Given records section start

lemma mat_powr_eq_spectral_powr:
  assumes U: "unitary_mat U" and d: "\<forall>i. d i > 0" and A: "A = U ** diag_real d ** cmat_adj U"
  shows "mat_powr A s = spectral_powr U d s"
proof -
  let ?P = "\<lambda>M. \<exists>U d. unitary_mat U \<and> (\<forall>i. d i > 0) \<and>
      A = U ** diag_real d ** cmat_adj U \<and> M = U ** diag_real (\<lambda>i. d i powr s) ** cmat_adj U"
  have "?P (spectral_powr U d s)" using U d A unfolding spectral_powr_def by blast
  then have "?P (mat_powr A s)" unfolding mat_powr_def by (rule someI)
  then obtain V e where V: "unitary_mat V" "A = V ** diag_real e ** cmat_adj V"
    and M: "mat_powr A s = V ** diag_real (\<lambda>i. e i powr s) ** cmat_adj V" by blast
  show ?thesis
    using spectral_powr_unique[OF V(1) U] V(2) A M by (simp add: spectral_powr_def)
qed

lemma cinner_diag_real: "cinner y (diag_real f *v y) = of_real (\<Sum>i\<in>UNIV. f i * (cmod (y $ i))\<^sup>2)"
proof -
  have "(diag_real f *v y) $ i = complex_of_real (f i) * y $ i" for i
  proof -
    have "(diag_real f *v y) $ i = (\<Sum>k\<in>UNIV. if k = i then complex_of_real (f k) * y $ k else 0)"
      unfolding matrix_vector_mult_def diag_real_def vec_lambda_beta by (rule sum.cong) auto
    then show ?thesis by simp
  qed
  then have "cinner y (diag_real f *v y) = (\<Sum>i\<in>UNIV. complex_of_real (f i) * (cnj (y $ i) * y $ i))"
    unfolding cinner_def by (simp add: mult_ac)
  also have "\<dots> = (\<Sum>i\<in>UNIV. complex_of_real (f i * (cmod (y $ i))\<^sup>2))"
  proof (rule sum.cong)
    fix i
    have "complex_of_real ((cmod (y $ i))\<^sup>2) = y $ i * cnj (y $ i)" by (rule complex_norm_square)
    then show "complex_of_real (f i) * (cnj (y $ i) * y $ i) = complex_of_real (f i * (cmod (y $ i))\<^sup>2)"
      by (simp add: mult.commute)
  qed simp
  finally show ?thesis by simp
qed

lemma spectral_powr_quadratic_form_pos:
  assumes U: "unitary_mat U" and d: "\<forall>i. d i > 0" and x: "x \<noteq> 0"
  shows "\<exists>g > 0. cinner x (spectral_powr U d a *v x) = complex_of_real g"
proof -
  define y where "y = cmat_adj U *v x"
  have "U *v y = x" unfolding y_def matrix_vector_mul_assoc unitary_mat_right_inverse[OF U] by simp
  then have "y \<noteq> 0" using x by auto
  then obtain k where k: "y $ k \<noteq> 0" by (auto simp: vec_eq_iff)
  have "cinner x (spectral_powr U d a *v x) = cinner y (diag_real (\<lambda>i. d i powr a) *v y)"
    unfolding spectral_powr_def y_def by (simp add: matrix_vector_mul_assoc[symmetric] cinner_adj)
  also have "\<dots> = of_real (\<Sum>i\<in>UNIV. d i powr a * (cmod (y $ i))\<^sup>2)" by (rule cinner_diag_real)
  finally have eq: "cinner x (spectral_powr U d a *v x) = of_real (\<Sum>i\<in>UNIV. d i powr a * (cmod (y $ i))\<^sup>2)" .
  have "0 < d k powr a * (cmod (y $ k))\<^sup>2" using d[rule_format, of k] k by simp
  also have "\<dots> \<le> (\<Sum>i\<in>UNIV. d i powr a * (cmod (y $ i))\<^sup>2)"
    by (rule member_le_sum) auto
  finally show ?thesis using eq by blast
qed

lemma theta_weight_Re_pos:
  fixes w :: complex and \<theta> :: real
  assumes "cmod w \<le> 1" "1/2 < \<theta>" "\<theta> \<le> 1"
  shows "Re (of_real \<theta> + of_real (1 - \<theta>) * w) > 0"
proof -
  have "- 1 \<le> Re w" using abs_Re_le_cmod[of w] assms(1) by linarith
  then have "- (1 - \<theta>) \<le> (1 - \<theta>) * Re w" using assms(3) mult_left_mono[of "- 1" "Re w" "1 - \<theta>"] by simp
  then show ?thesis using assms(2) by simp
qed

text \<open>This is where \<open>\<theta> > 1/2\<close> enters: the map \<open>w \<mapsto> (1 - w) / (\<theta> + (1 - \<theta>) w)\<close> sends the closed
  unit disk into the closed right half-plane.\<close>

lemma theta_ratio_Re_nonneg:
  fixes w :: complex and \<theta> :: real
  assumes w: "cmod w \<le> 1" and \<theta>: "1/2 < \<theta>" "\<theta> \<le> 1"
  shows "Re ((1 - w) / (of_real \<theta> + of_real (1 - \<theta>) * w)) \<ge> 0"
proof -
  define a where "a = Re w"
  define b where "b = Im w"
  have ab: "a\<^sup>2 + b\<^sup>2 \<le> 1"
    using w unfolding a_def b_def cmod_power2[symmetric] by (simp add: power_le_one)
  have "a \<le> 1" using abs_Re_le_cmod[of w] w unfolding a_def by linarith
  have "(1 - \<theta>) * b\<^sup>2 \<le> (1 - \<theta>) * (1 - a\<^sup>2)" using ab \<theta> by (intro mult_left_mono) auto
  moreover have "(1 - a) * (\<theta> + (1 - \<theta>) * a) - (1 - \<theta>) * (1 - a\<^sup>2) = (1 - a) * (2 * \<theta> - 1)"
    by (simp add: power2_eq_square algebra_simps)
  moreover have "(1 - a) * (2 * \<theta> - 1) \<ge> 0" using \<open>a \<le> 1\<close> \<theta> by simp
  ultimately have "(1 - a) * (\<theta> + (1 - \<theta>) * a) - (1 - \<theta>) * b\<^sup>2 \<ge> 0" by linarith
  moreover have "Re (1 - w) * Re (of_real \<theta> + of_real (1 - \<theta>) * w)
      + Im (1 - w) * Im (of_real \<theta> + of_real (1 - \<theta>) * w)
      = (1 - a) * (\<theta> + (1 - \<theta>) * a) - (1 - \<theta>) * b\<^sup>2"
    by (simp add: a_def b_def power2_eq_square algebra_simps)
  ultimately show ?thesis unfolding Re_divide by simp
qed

Given records section end
Given records section start

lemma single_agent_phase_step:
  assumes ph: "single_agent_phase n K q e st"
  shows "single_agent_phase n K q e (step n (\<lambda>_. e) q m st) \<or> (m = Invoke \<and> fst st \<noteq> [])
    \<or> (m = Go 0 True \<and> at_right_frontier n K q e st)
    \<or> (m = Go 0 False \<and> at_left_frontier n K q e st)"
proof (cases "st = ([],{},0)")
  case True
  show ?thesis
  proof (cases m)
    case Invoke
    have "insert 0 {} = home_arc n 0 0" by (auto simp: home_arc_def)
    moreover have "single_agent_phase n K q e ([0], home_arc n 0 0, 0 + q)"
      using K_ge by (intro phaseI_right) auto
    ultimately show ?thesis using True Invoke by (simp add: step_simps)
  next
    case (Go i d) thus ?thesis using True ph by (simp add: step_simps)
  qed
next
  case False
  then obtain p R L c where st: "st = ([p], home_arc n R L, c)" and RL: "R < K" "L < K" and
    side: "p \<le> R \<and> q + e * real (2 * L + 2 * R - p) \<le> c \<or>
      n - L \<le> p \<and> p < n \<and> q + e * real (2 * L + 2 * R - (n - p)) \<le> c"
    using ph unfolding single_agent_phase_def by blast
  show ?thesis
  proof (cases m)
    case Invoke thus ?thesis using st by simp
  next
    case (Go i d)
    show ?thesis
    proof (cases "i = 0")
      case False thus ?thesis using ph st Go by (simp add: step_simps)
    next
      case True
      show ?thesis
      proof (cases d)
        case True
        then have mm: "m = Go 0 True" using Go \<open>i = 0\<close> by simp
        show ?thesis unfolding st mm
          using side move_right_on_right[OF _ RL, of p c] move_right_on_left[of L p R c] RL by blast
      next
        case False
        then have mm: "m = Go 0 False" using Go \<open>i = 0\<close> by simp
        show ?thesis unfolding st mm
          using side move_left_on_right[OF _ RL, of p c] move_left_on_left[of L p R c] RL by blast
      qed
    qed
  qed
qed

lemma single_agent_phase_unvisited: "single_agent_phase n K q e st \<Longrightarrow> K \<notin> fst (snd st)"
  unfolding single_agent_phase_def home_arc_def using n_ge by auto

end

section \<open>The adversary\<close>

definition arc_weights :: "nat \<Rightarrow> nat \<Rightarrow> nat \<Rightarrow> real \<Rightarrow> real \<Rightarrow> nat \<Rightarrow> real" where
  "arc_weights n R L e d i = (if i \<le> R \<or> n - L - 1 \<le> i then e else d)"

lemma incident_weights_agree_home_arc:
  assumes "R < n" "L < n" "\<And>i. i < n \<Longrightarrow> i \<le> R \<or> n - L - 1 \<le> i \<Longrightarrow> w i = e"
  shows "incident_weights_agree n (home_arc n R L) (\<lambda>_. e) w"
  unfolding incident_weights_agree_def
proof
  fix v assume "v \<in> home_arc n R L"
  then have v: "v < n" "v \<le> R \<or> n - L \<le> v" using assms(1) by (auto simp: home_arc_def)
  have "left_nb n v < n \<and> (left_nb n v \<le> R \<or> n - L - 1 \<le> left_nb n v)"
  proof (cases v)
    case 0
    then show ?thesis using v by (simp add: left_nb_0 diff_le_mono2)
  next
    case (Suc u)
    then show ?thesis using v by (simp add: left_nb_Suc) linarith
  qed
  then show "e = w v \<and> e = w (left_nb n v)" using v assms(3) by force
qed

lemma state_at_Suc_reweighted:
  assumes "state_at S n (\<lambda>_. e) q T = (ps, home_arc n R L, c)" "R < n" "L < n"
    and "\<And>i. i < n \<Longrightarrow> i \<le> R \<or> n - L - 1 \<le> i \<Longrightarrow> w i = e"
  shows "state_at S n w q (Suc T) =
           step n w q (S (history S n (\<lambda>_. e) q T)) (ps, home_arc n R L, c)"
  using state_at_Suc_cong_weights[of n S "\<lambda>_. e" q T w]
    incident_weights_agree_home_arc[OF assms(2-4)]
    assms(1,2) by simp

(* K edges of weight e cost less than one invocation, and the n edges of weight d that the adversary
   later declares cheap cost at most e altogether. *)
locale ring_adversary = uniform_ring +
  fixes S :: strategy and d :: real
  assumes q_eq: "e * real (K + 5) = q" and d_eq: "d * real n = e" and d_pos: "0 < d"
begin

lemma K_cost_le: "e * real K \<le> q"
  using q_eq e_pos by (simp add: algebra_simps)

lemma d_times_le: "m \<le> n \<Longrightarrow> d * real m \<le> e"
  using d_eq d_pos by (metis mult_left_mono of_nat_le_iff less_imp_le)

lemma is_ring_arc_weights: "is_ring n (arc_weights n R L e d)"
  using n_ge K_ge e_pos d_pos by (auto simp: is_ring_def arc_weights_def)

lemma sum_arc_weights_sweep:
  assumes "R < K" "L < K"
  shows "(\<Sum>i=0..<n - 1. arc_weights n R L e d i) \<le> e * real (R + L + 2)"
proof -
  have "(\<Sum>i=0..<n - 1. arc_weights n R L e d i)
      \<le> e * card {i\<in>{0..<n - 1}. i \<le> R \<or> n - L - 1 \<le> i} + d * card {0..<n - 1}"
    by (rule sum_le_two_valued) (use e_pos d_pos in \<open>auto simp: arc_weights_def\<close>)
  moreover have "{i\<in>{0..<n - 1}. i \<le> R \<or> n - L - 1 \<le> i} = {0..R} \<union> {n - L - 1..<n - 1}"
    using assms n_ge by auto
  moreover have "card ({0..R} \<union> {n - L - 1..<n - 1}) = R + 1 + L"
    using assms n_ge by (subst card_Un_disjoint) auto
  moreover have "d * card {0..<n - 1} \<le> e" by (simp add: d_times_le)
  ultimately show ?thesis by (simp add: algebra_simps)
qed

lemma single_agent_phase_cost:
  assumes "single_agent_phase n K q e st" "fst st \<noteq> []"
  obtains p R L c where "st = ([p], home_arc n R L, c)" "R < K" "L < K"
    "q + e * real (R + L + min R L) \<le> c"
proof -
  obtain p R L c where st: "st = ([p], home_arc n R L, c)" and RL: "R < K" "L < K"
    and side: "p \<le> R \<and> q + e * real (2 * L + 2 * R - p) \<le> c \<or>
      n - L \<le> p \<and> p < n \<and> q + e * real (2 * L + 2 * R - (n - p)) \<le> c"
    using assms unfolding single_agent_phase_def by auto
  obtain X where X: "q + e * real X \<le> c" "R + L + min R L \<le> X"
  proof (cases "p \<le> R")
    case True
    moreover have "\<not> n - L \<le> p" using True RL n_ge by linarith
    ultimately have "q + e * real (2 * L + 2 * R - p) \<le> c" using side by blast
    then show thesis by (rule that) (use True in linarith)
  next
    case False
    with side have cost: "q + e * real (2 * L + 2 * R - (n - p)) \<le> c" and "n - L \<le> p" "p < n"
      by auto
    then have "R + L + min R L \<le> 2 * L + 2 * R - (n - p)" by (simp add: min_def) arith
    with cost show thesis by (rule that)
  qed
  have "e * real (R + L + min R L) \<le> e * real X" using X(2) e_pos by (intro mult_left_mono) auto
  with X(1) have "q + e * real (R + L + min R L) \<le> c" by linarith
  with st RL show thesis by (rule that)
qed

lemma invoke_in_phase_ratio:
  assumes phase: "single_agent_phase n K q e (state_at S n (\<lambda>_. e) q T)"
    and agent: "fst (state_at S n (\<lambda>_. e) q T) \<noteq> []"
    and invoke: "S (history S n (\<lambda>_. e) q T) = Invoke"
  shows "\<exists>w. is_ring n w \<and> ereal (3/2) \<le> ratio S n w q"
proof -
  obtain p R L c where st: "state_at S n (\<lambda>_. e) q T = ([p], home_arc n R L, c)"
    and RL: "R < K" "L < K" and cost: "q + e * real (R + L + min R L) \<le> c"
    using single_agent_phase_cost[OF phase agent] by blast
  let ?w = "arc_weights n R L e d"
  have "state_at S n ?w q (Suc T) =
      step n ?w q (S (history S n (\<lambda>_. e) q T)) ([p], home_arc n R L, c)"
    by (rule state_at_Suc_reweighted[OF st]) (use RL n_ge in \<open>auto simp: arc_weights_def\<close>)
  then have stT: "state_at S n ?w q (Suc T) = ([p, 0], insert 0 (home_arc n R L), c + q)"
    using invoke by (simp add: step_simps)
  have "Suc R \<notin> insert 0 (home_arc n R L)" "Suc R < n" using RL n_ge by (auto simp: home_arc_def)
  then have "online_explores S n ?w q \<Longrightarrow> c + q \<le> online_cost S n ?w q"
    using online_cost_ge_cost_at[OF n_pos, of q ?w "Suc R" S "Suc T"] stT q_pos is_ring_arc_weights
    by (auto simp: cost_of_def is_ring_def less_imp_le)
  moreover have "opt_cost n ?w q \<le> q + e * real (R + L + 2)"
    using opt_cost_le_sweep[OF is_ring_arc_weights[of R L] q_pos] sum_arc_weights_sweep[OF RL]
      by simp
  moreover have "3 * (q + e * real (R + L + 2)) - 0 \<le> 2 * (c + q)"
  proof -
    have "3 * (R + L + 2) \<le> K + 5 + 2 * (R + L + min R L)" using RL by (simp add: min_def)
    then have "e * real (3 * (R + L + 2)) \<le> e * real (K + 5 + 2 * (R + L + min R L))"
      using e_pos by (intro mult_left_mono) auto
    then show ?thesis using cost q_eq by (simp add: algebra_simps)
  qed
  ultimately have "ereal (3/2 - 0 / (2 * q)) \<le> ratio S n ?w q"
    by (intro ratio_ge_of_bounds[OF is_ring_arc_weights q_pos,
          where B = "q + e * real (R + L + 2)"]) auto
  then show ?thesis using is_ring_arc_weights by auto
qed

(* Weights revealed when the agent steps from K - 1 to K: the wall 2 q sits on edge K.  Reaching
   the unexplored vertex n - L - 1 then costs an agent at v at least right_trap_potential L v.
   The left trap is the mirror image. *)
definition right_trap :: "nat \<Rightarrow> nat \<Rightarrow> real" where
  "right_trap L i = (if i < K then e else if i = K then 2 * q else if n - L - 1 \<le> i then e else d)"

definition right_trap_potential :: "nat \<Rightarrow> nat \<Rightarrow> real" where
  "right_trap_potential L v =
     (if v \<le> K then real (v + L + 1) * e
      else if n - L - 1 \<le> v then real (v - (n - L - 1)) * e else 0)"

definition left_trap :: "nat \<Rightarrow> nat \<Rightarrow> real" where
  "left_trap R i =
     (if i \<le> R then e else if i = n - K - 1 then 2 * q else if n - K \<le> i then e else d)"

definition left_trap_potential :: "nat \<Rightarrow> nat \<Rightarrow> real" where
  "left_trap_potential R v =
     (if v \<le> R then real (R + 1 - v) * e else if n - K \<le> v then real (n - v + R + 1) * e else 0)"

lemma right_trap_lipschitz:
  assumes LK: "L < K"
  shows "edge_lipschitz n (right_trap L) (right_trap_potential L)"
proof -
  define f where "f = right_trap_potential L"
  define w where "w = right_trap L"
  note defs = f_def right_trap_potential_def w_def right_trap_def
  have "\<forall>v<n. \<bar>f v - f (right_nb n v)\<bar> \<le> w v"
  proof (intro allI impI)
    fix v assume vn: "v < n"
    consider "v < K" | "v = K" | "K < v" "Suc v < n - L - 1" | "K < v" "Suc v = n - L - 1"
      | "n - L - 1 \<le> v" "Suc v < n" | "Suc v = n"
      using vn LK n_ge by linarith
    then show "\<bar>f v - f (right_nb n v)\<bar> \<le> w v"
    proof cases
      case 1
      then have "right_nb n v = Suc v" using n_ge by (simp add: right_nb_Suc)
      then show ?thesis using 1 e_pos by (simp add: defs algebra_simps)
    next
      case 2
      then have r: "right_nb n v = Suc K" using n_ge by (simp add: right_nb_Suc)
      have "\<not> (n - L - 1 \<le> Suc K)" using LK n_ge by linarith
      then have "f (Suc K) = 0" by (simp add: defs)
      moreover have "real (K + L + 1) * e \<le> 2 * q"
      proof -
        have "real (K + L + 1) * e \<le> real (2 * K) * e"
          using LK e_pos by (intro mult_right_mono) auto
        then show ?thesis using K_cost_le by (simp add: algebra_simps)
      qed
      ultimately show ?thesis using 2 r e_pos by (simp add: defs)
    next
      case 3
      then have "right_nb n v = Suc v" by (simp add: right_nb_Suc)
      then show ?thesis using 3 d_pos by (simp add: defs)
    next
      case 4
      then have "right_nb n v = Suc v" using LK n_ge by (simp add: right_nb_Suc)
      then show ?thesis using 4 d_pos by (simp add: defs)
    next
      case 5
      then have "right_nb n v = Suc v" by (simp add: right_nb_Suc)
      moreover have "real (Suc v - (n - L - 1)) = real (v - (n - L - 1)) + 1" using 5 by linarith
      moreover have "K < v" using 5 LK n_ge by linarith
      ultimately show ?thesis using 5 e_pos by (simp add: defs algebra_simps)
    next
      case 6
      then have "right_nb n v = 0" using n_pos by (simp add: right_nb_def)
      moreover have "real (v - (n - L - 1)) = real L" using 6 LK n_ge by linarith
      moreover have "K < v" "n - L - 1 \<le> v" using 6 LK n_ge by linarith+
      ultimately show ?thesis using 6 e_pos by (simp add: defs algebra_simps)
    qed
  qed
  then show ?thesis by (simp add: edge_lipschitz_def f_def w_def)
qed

Given records section end

**Problem to work on:** Set down, from the entries above, exactly the lines from the one with "i > 0) \<and>" up to and including the one with "define y where", and no other lines.

**Output below:**
  let ?P = "\<lambda>M. \<exists>U d. unitary_mat U \<and> (\<forall>i. d i > 0) \<and>
      A = U ** diag_real d ** cmat_adj U \<and> M = U ** diag_real (\<lambda>i. d i powr s) ** cmat_adj U"
  have "?P (spectral_powr U d s)" using U d A unfolding spectral_powr_def by blast
  then have "?P (mat_powr A s)" unfolding mat_powr_def by (rule someI)
  then obtain V e where V: "unitary_mat V" "A = V ** diag_real e ** cmat_adj V"
    and M: "mat_powr A s = V ** diag_real (\<lambda>i. e i powr s) ** cmat_adj V" by blast
  show ?thesis
    using spectral_powr_unique[OF V(1) U] V(2) A M by (simp add: spectral_powr_def)
qed

lemma cinner_diag_real: "cinner y (diag_real f *v y) = of_real (\<Sum>i\<in>UNIV. f i * (cmod (y $ i))\<^sup>2)"
proof -
  have "(diag_real f *v y) $ i = complex_of_real (f i) * y $ i" for i
  proof -
    have "(diag_real f *v y) $ i = (\<Sum>k\<in>UNIV. if k = i then complex_of_real (f k) * y $ k else 0)"
      unfolding matrix_vector_mult_def diag_real_def vec_lambda_beta by (rule sum.cong) auto
    then show ?thesis by simp
  qed
  then have "cinner y (diag_real f *v y) = (\<Sum>i\<in>UNIV. complex_of_real (f i) * (cnj (y $ i) * y $ i))"
    unfolding cinner_def by (simp add: mult_ac)
  also have "\<dots> = (\<Sum>i\<in>UNIV. complex_of_real (f i * (cmod (y $ i))\<^sup>2))"
  proof (rule sum.cong)
    fix i
    have "complex_of_real ((cmod (y $ i))\<^sup>2) = y $ i * cnj (y $ i)" by (rule complex_norm_square)
    then show "complex_of_real (f i) * (cnj (y $ i) * y $ i) = complex_of_real (f i * (cmod (y $ i))\<^sup>2)"
      by (simp add: mult.commute)
  qed simp
  finally show ?thesis by simp
qed

lemma spectral_powr_quadratic_form_pos:
  assumes U: "unitary_mat U" and d: "\<forall>i. d i > 0" and x: "x \<noteq> 0"
  shows "\<exists>g > 0. cinner x (spectral_powr U d a *v x) = complex_of_real g"
proof -
  define y where "y = cmat_adj U *v x"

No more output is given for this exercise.